In a number of states, however, JFM came to India not so much as a result of domestic institutions responding to popular pressure as from international agencies doing so. In the State of Karnataka, for example, peoples' movements were extremely active throughout the 1980s (and, indeed, for decades beforehand) in defending and regenerating forests. While the Karnataka State Forest Department (KFD) all but ignored the national shift towards JFM, it did take the opportunity to cash in on national and international concerns over forest degradation by drawing up a funding proposal for an extensive tree planting programme in the Western Ghats area and submitting it to the Overseas Development Administration (ODA), which had previously funded a number of social forestry projects in the state. Entirely lacking from the proposal was any element of peoples' participation. Local people featured instead as a source of cheap labour for replanting schemes. ODA agreed to consider the project, provided people's participation and poverty alleviation were incorporated.

Heavy chemical industry established in a high biodiversity area in the Western Ghats. Involving local people in resource use decision-making might have affected the location of the plant

A series of workshops with the KFD and local NGOs followed and the project was substantially modified, although NGOs still expressed considerable concern. In April 1991, a final project document was drawn up by the KFD incorporating participation plans (largely based on proposals drawn up by United Kingdom forestry experts) that would bring joint forest planning and management to the Western Ghats. The British Government agreed to commit £24 million to the project.

The stated aim of the Western Ghats Forestry Project is to enhance and improve the management capacity of the KFD, in particular, to enable it to respond to the conflicting demands from different users for access to the forest. Under the scheme, the forest has been divided into five zones: Zone 1 - ecologically important areas; Zone 2 uninhabited forest areas with a potential for commercial exploitation; Zone 3 - areas with pockets of forest dwellers; Zone 4 boundary-edge forests near settlements (mostly degraded land): Zone 5 - common land outside the forest. Villagers are permitted to participate" in the management only of those lands in Zone 4.

Decided in advance

Although NGOs played a key role in modifying the project to incorporate greater involvement of villagers and a poverty-oriented focus, these modifications were simply tacked on to an existing framework. The project's goals had already been decided by the KFD and ODA; NGOs were consulted only on how those goals might best be implemented. Had NGOs (let alone villagers) drawn up their own project, rather than modify someone else's, it might have taken a very different shape. Instead of seeking to conserve the forests by dividing them into zones and encouraging the planting of degraded land, for example, many villagers might have pressed for stiff career penalties and enforcement mechanisms - to be introduced within the KFD against forestry officials who accept bribes for handing out logging concessions. They might have argued for money to be spent on elephant ditches and electric fences to safeguard crops from forest animals, thus increasing term incomes and helping to overcome some of the hostility with which many farmers regard the forests. They might have demanded village roads to be upgraded (or built) in order to improve access to markets, or for mining activities within the forest to be halted, or for the ban on felling of live trees to be effectively enforced. They might have pointed to local institutions that were already managing local commons or tending local sacred groves as better forums for managing the forests than the imposed village forest committees. They might have pressed for land reform or measures to secure tenure for poorer villagers. They might have argued against planting as the best way of restoring degraded lands, pointing to the many instances in the region where unaided regeneration has proved highly effective. They might have warned that establishing plantations on village commons could disadvantage the poorer villagers who rely on these lands for various uses and products, and they might have pressed for full legal control over much larger areas of forests than just Zone 4.

Village forest committees

Under the project, villagers are encouraged to form village forest committees (VFCs) with responsibility for conserving and restoring specified areas of forest and sharing the benefits (for example, sales of timber from plantations) with the KFD. Any change of access or use which has an impact on local communities should be arrived at through consultation.

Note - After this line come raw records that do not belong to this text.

(* Let $0<\beta<\zeta$ (so that $\xi_2(\beta)<\xi_1(\beta)$). For $C\in(\xi_2(\beta),\xi_1(\beta))$ let $z_f^C\in(0,d)$ be the unique point such that $F_{z_f^C}\mathbf 1_{[0,z_f^C]}+G_{C,z_f^C}\mathbf 1_{(z_f^C,d]}$ solves Problem 1 with derivative $0$ at $0$ and value $C$ at $d$, and let $z_g^C\in(d,\infty)$ be the unique point such that $H_{C,z_g^C}\mathbf 1_{[d,z_g^C]}+K_{z_g^C}\mathbf 1_{(z_g^C,\infty)}$ is bounded and solves Problem 2 with value $C$ at $d$. (i) The map $(\xi_2(\beta),\xi_1(\beta))\to\mathbb R$, $C\mapsto G_{C,z_f^C}'(d)$ is strictly increasing, and $G_{\xi_1(\beta),d}'(d)=-\beta$. (ii) The map $(\xi_2(\beta),\xi_1(\beta))\to\mathbb R$, $C\mapsto H_{C,z_g^C}'(d)$ is strictly decreasing, and $H_{\xi_2(\beta),d}'(d)=-\beta$.
   Context: Fix $\mu\in\mathbb R$, $\sigma>0$, $u_0>0$, $r>0$, $\beta>0$, $d>0$. For $u\in[0,u_0]$ let $\theta_1(u)=\frac{\sqrt{(\mu-u)^2+2r\sigma^2}+(\mu-u)}{\sigma^2}$, $\theta_2(u)=\frac{\sqrt{(\mu-u)^2+2r\sigma^2}-(\mu-u)}{\sigma^2}$; write $\alpha_i=\theta_i(u_0)$, $\gamma_i=\theta_i(0)$. Define $\zeta=\frac{\alpha_1\alpha_2(e^{\alpha_1d}-e^{-\alpha_2d})}{r(\alpha_1+\alpha_2)e^{\alpha_1d}}$, $\xi_1(\beta)=\frac{\beta u_0}{r}-\beta\frac{e^{\alpha_1d}+\frac{\alpha_1}{\alpha_2}e^{-\alpha_2d}}{\alpha_1(e^{\alpha_1d}-e^{-\alpha_2d})}$, $\xi_2(\beta)=\frac{\beta u_0-1}{r}+\frac{\beta}{\alpha_2}$. For $s\in(0,d]$, $t\ge d$, real $C$: $F_s(z)=\frac{\beta u_0}{r}-\beta\frac{e^{\alpha_1z}+\frac{\alpha_1}{\alpha_2}e^{-\alpha_2z}}{\alpha_1(e^{\alpha_1s}-e^{-\alpha_2s})}$; $G_{C,s}(z)=\frac{C\gamma_2e^{-\gamma_2(s-d)}-\beta}{\gamma_1e^{\gamma_1s}+\gamma_2e^{(\gamma_1+\gamma_2)d}e^{-\gamma_2s}}(e^{\gamma_1z}-e^{(\gamma_1+\gamma_2)d}e^{-\gamma_2z})+Ce^{-\gamma_2(z-d)}$; $H_{C,t}(z)=-\frac1r+\frac{C+\frac1r-\frac{\beta}{\gamma_2}e^{-\gamma_2(d-t)}}{e^{\gamma_1d}+\frac{\gamma_1}{\gamma_2}e^{(\gamma_1+\gamma_2)t}e^{-\gamma_2d}}(e^{\gamma_1z}+\frac{\gamma_1}{\gamma_2}e^{(\gamma_1+\gamma_2)t}e^{-\gamma_2z})+\frac{\beta}{\gamma_2}e^{-\gamma_2(z-t)}$; $K_t(z)=\frac{\beta u_0-1}{r}+\frac{\beta}{\alpha_2}e^{-\alpha_2(z-t)}$. Problem 1: a bounded $C^2$ function $f$ on $[0,d]$ with $-rf-\mu f'+\frac{\sigma^2}{2}f''+\sup_{u\in[0,u_0]}\{(\beta+f')u\}=0$ on $[0,d]$. Problem 2: a bounded $C^2$ function $g$ on $[d,\infty)$ with $-rg-\mu g'+\frac{\sigma^2}{2}g''+\sup_{u\in[0,u_0]}\{(\beta+g')u\}=1$ on $[d,\infty)$. (The existence and uniqueness of $z_f^C,z_g^C$ for $C$ in the stated interval is established in the paper.) *)

theory Defs
  imports "HOL-Analysis.Analysis"
begin
lemma integral_le_real_roots:
  fixes V0 \<alpha>1 \<alpha>2 \<delta>1 \<mu> k :: real
  assumes "V0 > 0" "\<mu> > 0" "\<alpha>1 > 0" "\<alpha>2 > 0" "k < 1" "2 * sqrt (\<alpha>1 * \<alpha>2) \<le> \<delta>1"
  defines "f \<equiv> \<lambda>V. 1 / (- \<alpha>1 * V powr (1 + 1/\<mu>) - \<alpha>2 * V powr (1 - 1/\<mu>) + \<delta>1 * V)"
    and "r1 \<equiv> (\<delta>1 - sqrt (\<delta>1\<^sup>2 - 4 * \<alpha>1 * \<alpha>2)) / (2 * \<alpha>1)"
  assumes V0_le: "V0 powr (1/\<mu>) \<le> k * r1"
  shows "interval_lebesgue_integrable lborel (ereal V0) (ereal 0) f"
    and "(LBINT V=ereal V0..ereal 0. f V) \<le> \<mu> * k / ((1 - k) * sqrt (\<alpha>1 * \<alpha>2))"
proof -
  define t where "t = sqrt (\<delta>1\<^sup>2 - 4 * \<alpha>1 * \<alpha>2)"
  define r2 where "r2 = (\<delta>1 + t) / (2 * \<alpha>1)"
  define U0 where "U0 = V0 powr (1/\<mu>)"
  have sqrt_pos: "sqrt (\<alpha>1 * \<alpha>2) > 0"
    using assms(3,4) by simp
  have "4 * \<alpha>1 * \<alpha>2 = (2 * sqrt (\<alpha>1 * \<alpha>2))\<^sup>2"
    using assms(3,4) by (simp add: power_mult_distrib)
  also have "\<dots> \<le> \<delta>1\<^sup>2"
    using assms(6) sqrt_pos by (intro power_mono) auto
  finally have discr: "4 * \<alpha>1 * \<alpha>2 \<le> \<delta>1\<^sup>2" .
  have "\<delta>1 > 0"
    using assms(6) sqrt_pos by linarith
  have "t\<^sup>2 < \<delta>1\<^sup>2" "t \<ge> 0"
    using discr assms(3,4) by (simp_all add: t_def)
  then have "t < \<delta>1"
    using \<open>\<delta>1 > 0\<close> by (simp add: power_less_imp_less_base)
  then have r1: "0 < r1" "r1 \<le> r2"
    using \<open>t \<ge> 0\<close> assms(3) by (simp_all add: r1_def r2_def t_def divide_right_mono)
  have "k * r1 < r1"
    using assms(5) r1 by simp
  then have U0: "0 < U0" "U0 \<le> k * r1" "U0 < r1"
    using assms(1) V0_le by (simp_all add: U0_def)
  have factor: "\<alpha>1 * u\<^sup>2 - \<delta>1 * u + \<alpha>2 = \<alpha>1 * ((r1 - u) * (r2 - u))" for u
    using quadratic_factor_real_roots[OF _ discr, of u] assms(3) by (simp add: r1_def r2_def t_def)
  have "\<alpha>1 * u\<^sup>2 - \<delta>1 * u + \<alpha>2 > 0" if "0 \<le> u" "u \<le> U0" for u
    unfolding factor using that U0 r1 assms(3) by simp
  note reduction = integral_eq_quadratic_integral[OF assms(1,2) this[unfolded U0_def]]
  show "interval_lebesgue_integrable lborel (ereal V0) (ereal 0) f"
    unfolding f_def by (rule reduction(1))
  have "(LBINT V=ereal V0..ereal 0. f V) = \<mu> * (LBINT u=0..U0. 1 / (\<alpha>1 * u\<^sup>2 - \<delta>1 * u + \<alpha>2))"
    unfolding f_def U0_def by (rule reduction(2))
  also have "\<dots> = \<mu> * (LBINT u=0..U0. 1 / (\<alpha>1 * ((r1 - u) * (r2 - u))))"
    unfolding factor ..
  also have "\<dots> \<le> \<mu> * (U0 / (\<alpha>1 * r2 * (r1 - U0)))"
    using assms(2,3) r1 U0 by (intro mult_left_mono interval_integral_inverse_two_roots_le) auto
  also have "\<dots> = \<mu> / (\<alpha>1 * r2) * (U0 / (r1 - U0))"
    by simp
  also have "\<dots> \<le> \<mu> / sqrt (\<alpha>1 * \<alpha>2) * (k / (1 - k))"
  proof (intro mult_mono)
    have "sqrt (\<alpha>1 * \<alpha>2) \<le> \<alpha>1 * r2"
      unfolding r2_def using assms(3,6) \<open>t \<ge> 0\<close> by simp
    then show "\<mu> / (\<alpha>1 * r2) \<le> \<mu> / sqrt (\<alpha>1 * \<alpha>2)"
      using assms(2,3) sqrt_pos r1 by (intro divide_left_mono mult_pos_pos) auto
    have "U0 * (1 - k) \<le> k * (r1 - U0)"
      using U0(2) by (simp add: algebra_simps)
    then show "U0 / (r1 - U0) \<le> k / (1 - k)"
      using U0(3) assms(5) by (simp add: field_simps)
  qed (use assms(2) U0 sqrt_pos in auto)
  finally show "(LBINT V=ereal V0..ereal 0. f V) \<le> \<mu> * k / ((1 - k) * sqrt (\<alpha>1 * \<alpha>2))"
    by (simp add: mult.commute)
qed

theorem lemma2:
  fixes V0 \<alpha>1 \<alpha>2 \<delta>1 \<mu> :: real
  assumes "V0 > 0" and "\<alpha>1 > 0" and "\<alpha>2 > 0" and "\<mu> > 1"
  defines "\<gamma>1 \<equiv> 1 + 1 / \<mu>" and "\<gamma>2 \<equiv> 1 - 1 / \<mu>"
  defines "f \<equiv> (\<lambda>V::real. 1 / (- \<alpha>1 * V powr \<gamma>1 - \<alpha>2 * V powr \<gamma>2 + \<delta>1 * V))"
  defines "I \<equiv> (LBINT V=ereal V0..ereal 0. f V)"
  shows "(0 \<le> \<delta>1 \<and> \<delta>1 < 2 * sqrt (\<alpha>1 * \<alpha>2) \<longrightarrow>
           (let k1 = sqrt ((4 * \<alpha>1 * \<alpha>2 - \<delta>1\<^sup>2) / (4 * \<alpha>1\<^sup>2));
                k2 = - \<delta>1 / sqrt (4 * \<alpha>1 * \<alpha>2 - \<delta>1\<^sup>2)
            in interval_lebesgue_integrable lborel (ereal V0) (ereal 0) f \<and>
               I \<le> \<mu> / (\<alpha>1 * k1) * (pi / 2 - arctan k2)))
       \<and> (\<forall>k::real. 0 < k \<and> k < 1 \<and> \<delta>1 \<ge> 2 * sqrt (\<alpha>1 * \<alpha>2) \<and>
              V0 powr (1 / \<mu>) \<le> k * ((\<delta>1 - sqrt (\<delta>1\<^sup>2 - 4 * \<alpha>1 * \<alpha>2)) / (2 * \<alpha>1)) \<longrightarrow>
            interval_lebesgue_integrable lborel (ereal V0) (ereal 0) f \<and>
            I \<le> \<mu> * k / ((1 - k) * sqrt (\<alpha>1 * \<alpha>2)))"
proof -
  have f_eq: "f = (\<lambda>V. 1 / (- \<alpha>1 * V powr (1 + 1/\<mu>) - \<alpha>2 * V powr (1 - 1/\<mu>) + \<delta>1 * V))"
    unfolding f_def \<gamma>1_def \<gamma>2_def ..
  have "\<mu> > 0"
    using assms(4) by simp
  have complex_roots: "interval_lebesgue_integrable lborel (ereal V0) (ereal 0) f \<and>
      I \<le> \<mu> / (\<alpha>1 * sqrt ((4 * \<alpha>1 * \<alpha>2 - \<delta>1\<^sup>2) / (4 * \<alpha>1\<^sup>2)))
        * (pi / 2 - arctan (- \<delta>1 / sqrt (4 * \<alpha>1 * \<alpha>2 - \<delta>1\<^sup>2)))"
    if "0 \<le> \<delta>1" "\<delta>1 < 2 * sqrt (\<alpha>1 * \<alpha>2)"
  proof -
    have "\<delta>1\<^sup>2 < (2 * sqrt (\<alpha>1 * \<alpha>2))\<^sup>2"
      using that by (intro power_strict_mono) auto
    then have discr: "\<delta>1\<^sup>2 < 4 * \<alpha>1 * \<alpha>2"
      using assms(2,3) by (simp add: power_mult_distrib)
    have "\<alpha>1 * sqrt ((4 * \<alpha>1 * \<alpha>2 - \<delta>1\<^sup>2) / (4 * \<alpha>1\<^sup>2)) = sqrt (4 * \<alpha>1 * \<alpha>2 - \<delta>1\<^sup>2) / 2"
      using assms(2) by (simp add: real_sqrt_divide real_sqrt_mult)
    then have k1: "\<mu> / (\<alpha>1 * sqrt ((4 * \<alpha>1 * \<alpha>2 - \<delta>1\<^sup>2) / (4 * \<alpha>1\<^sup>2)))
        = 2 * \<mu> / sqrt (4 * \<alpha>1 * \<alpha>2 - \<delta>1\<^sup>2)"
      by (metis divide_divide_eq_right mult.commute)
    show ?thesis
      unfolding I_def f_eq k1 using integral_le_complex_roots[OF assms(1) \<open>\<mu> > 0\<close> assms(2) discr] ..
  qed
  have real_roots: "interval_lebesgue_integrable lborel (ereal V0) (ereal 0) f \<and>
      I \<le> \<mu> * k / ((1 - k) * sqrt (\<alpha>1 * \<alpha>2))"
    if "k < 1" "2 * sqrt (\<alpha>1 * \<alpha>2) \<le> \<delta>1"
      "V0 powr (1 / \<mu>) \<le> k * ((\<delta>1 - sqrt (\<delta>1\<^sup>2 - 4 * \<alpha>1 * \<alpha>2)) / (2 * \<alpha>1))" for k
    unfolding I_def f_eq using integral_le_real_roots[OF assms(1) \<open>\<mu> > 0\<close> assms(2,3) that] ..
  show ?thesis
    using complex_roots real_roots unfolding Let_def by blast
qed

end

In many cases, however, the KFD has established plantations even where no VFC has been formed. As Patricia Feeney of Oxfam-UK reports: "Although public meetings were held ... to tell the local community about the project and to listen nominally to their suggestions about planting, nurseries had already been raised and pits dug before any consultation occurred. Planting was pre-determined by the KFD" (Feeney, 1997).

Where VFCs have been formed, the meetings have often been held at short notice at the convenience of the KFD, officials of which kept the minutes of meetings held and managed the funds, leading to suspicions that the VFCs had been set up solely to satisfy ODA's conditions of funding.

Although VFCs are supposed to ensure the participation of all sections of the village in deciding planting regimes, many are dominated by more powerful social groups within a village and by men. Moreover, as Feeney (1997) notes: 'Those villagers who become members acquire the responsibility and authority to compel the non-members to conform to the VFC's decisions regarding areas of forest to be protected and to respect new rules about access to and use of forest produce. This can have a dramatic impact on the rights of the poorest villagers to collect non-timber forest products on a day-to-day basis to meet their subsistence needs .... Denial of such rights has serious equity implications and may become a future source of conflict."

In effect, the VFCs directly or indirectly reorder access to and rights over the environment, generally (though not exclusively) in favour of the landed elite groups who dominate the VFCs, even in villages which have full membership (Saxena et al., 1997).

One reason for the dominance of elite groups on the VFCs is the methodology used by the KFD when initiating new VFCs. Generally, forest officers tend to contact those whom they consider to be the most important people in the village who also happen, in many cases, to be those with whom they have had previous contact. Usually, it is these villagers who end up being the president of the VFC or becoming its members.

Understandably, many other villagers are suspicious of the VFCs' impartiality. A recent Oxfam appraisal of the project quotes a villager from Honnavar: "What difference does this JFPM make? Our president has worked in the KFD for many years. Do you think he is any different from them? They suggested his name as the president. And we had to agree. It's not that they forced us, but you know what will happen if we don't agree to what the KFD says. We have to live in this village for the rest of our lives"(Mitra, 1997).

Marginalizing women

The voices of many women, in particular lower-caste women, have been ignored by the project, despite efforts by ODA to heed them. Originally. the KFD prescribed one representative per household to the VFC which "had the effect of systematically excluding women from the VFCs and from active participation in JFPM" (Feeney, 1997). At the insistence of ODA, the forest department's rules were amended to make "spouses" automatic members of VFCs. Even so, this still leaves many marginalized women (and men) within households excluded - for example, single women, women whose husbands have left them, second wives and widows. Where women do attend the VFC meetings, they generally "sit quietly and serve tea and snacks", while some "fail to attend VFC meetings altogether because there is no discussion of problems affecting them". Even where such discussion does take place, the voices of women are frequently ignored. In one village, for example, women complained that the scarcity of fuelwood meant that they had to spend up to three hours a day collecting a headload of leaves and twigs for cooking fuel. Only six of the 97 VFC members in the village are women, however, "so there was little objection when the VFC decided to sell off all the firewood from their 30 ha JFPM plantation instead of using it to meet local consumption needs" (Feeney, 1997).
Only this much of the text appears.